Second, firms are confronting more issues that are driving the need for and the growth of the integration market, such as:
Cloud proliferation - today's users are integrating more and more to a variety of cloud applications. That requires a refresh on the tools used for cloud-to-cloud and cloud-to-on-premise integrations.
Increasing end-points - more customer or supplier portals to integrate to, more apps, more devices, and disconnected enterprise processes. The Internet of Things will drive a huge explosion of data coming from trillions of devices that will need to find its way from source to destination.
More customer and trading partner interactions - behind the scenes in omnichannel, home delivery, outsourcing, service logistics, and ecommerce sales are many more processes that require not only well-engineered workflow and web services, but accurate and real-time data. They are increasing the type and quantity of business process integrations between trading partners, thereby changing the B2B solution.
Automation of business processes and integration - users and IT would like to make the process of change easier. Business process management tools and workflow engines are getting easier to use and often are part of the application vendor’s offering and the user’s solution purchase. So adoption of tools continues.

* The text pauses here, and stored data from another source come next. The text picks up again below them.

(* Let $d$ be a metric on $\mathbb R^n$ induced by a norm, let $w_1,\dots,w_N$ be contractions on $(\mathbb R^n,d)$, let $p_1,\dots,p_N\in(0,1]$ with $\sum_ip_i=1$, and let $\pi_\infty$ be the invariant measure of the hyperbolic IFS $\{\mathbb R^n;w_1,\dots,w_N;p_1,\dots,p_N\}$. For $\delta>0$, consider the DIFS $\{\mathcal D^n(\delta);\tilde w_1,\dots,\tilde w_N;p_1,\dots,p_N\}$ (with the same constant probabilities), where $\tilde w_i$ is the $\delta$-roundoff of $w_i$, and let $\Pi(\delta)$ be the family of stationary probability distributions of the associated Markov chain that are supported by positive recurrent communication classes of this chain. Then for every continuous bounded $f:\mathbb R^n\to\mathbb R$, $$\lim_{\delta\to0}\sum_{\tilde x\in\mathcal D^n(\delta)}f(\tilde x)\,\pi_k(\delta)\{\tilde x\}=\int_{\mathbb R^n}f\,d\pi_\infty,$$ where for each $\delta$, $\pi_k(\delta)$ is any element of $\Pi(\delta)$; that is, the $\pi_k(\delta)$ converge weakly to $\pi_\infty$ as $\delta\to0$.
   Context: For $m\in\mathbb Z^n$, $C_\delta(m)=\prod_{j=1}^n[(m_j-\tfrac12)\delta,(m_j+\tfrac12)\delta)$; $\mathcal D^n(\delta)=\{\delta m:m\in\mathbb Z^n\}\subset\mathbb R^n$. The $\delta$-roundoff of $x\in\mathbb R^n$ is $\tilde x=\delta m$ where $x\in C_\delta(m)$; the $\delta$-roundoff of $w$ is $\tilde w(\tilde x)=\widetilde{w(\tilde x)}$ on $\mathcal D^n(\delta)$. The IFS invariant measure is the unique Borel probability measure $\pi_\infty$ on $\mathbb R^n$ with $\pi_\infty=\sum_ip_i\,\pi_\infty\circ w_i^{-1}$. A DIFS with constant probabilities here is the Markov chain on $\mathcal D^n(\delta)$ with transition probabilities $P(\tilde x,\tilde y)=\sum_ip_i\mathbf 1_{\{\tilde y\}}(\tilde w_i(\tilde x))$. Accessibility: $P^k(\tilde x,\tilde y)>0$ for some $k\ge1$; a communication class is a maximal nonempty set of mutually accessible states; a state is positive recurrent if the chain started there returns a.s. with finite expected return time; a positive recurrent communication class is a communication class of positive recurrent states. A stationary probability distribution $\pi$ satisfies $\pi(\tilde y)=\sum_{\tilde x}\pi(\tilde x)P(\tilde x,\tilde y)$; the chain restricted to a positive recurrent communication class has a unique stationary distribution, regarded as a measure on $\mathcal D^n(\delta)$ vanishing outside the class. *)

theory Defs
  imports "HOL-Probability.Probability"
begin
(* If $\varphi\in\mathrm{sHML}_F$ (resp. $\varphi\in\mathrm{cHML}_F$) is closed, then there is some $\psi\in\mathrm{sHML}$ (resp. $\psi\in\mathrm{cHML}$) such that $[\![\psi]\!]_F=[\![\varphi]\!]_F$.
   Context: Fix a finite set $\mathrm{Act}$ of actions. recHML formulae: $\varphi::=\mathrm{tt}\mid\mathrm{ff}\mid\varphi\vee\varphi\mid\varphi\wedge\varphi\mid\langle A\rangle\varphi\mid[A]\varphi\mid\min X.\varphi\mid\max X.\varphi\mid X$ ($A\subseteq\mathrm{Act}$), guarded. Fragments: $\mathrm{sHML}_F$: $\varphi::=\mathrm{tt}\mid\mathrm{ff}\mid[A]\varphi\mid\varphi\vee\varphi\mid\varphi\wedge\varphi\mid\max X.\varphi\mid X$; $\mathrm{cHML}_F$: $\varphi::=\mathrm{tt}\mid\mathrm{ff}\mid\langle A\rangle\varphi\mid\varphi\vee\varphi\mid\varphi\wedge\varphi\mid\min X.\varphi\mid X$; $\mathrm{sHML}$: $\varphi::=\mathrm{tt}\mid\mathrm{ff}\mid[A]\varphi\mid\varphi\wedge\varphi\mid\max X.\varphi\mid X$; $\mathrm{cHML}$: $\varphi::=\mathrm{tt}\mid\mathrm{ff}\mid\langle A\rangle\varphi\mid\varphi\vee\varphi\mid\min X.\varphi\mid X$. Finfinite traces $\mathrm{Fin}=\mathrm{Act}^\omega\cup\mathrm{Act}^*$; finfinite semantics: $[\![\mathrm{tt}]\!]_F=\mathrm{Fin}$, $[\![\mathrm{ff}]\!]_F=\emptyset$, $\vee,\wedge$ union/intersection, $[\![\langle A\rangle\varphi,\sigma]\!]_F=\{ag\mid a\in A,g\in[\![\varphi,\sigma]\!]_F\}$, $[\![[A]\varphi,\sigma]\!]_F=\{g\mid\forall a\in A,\forall g'.\ g=ag'\Rightarrow g'\in[\![\varphi,\sigma]\!]_F\}$, $\min/\max$ as least/greatest fixpoints, $[\![X,\sigma]\!]_F=\sigma(X)$. *)

theory Defs
  imports Main
begin

datatype 'a fintr = FinT "'a list" | InfT "nat \<Rightarrow> 'a"

fun tcons :: "'a \<Rightarrow> 'a fintr \<Rightarrow> 'a fintr" where
  "tcons a (FinT l) = FinT (a # l)"
| "tcons a (InfT f) = InfT (case_nat a f)"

Revitalization of the IT portfolio - decades ago Richard Nolan proffered that the useful life of a software product is about seven years. Since the mid-nineties, when ERP became hot, there have been at least four major identifiable waves of technology transformation. Hence, even major firms are feeling behind the times and are re-evaluating, adding to, or outright replacing their investments from a decade or more ago to take advantage of the current innovations.
Being left behind - one of the sad challenges that users sometimes have to address is as ERP companies continue to release new products, they sometimes differ radically from the past. New code just does not work with the old code anymore. Users are on their own to re-establish connections, transform data, and so on. As disappointing as this must be, it does point to typical challenges for customers who have charted their own course (or just have little use for some of the new code offered by the vendors). If an enterprise also did a fair amount of customization, it is really on its own to manage and modify that code.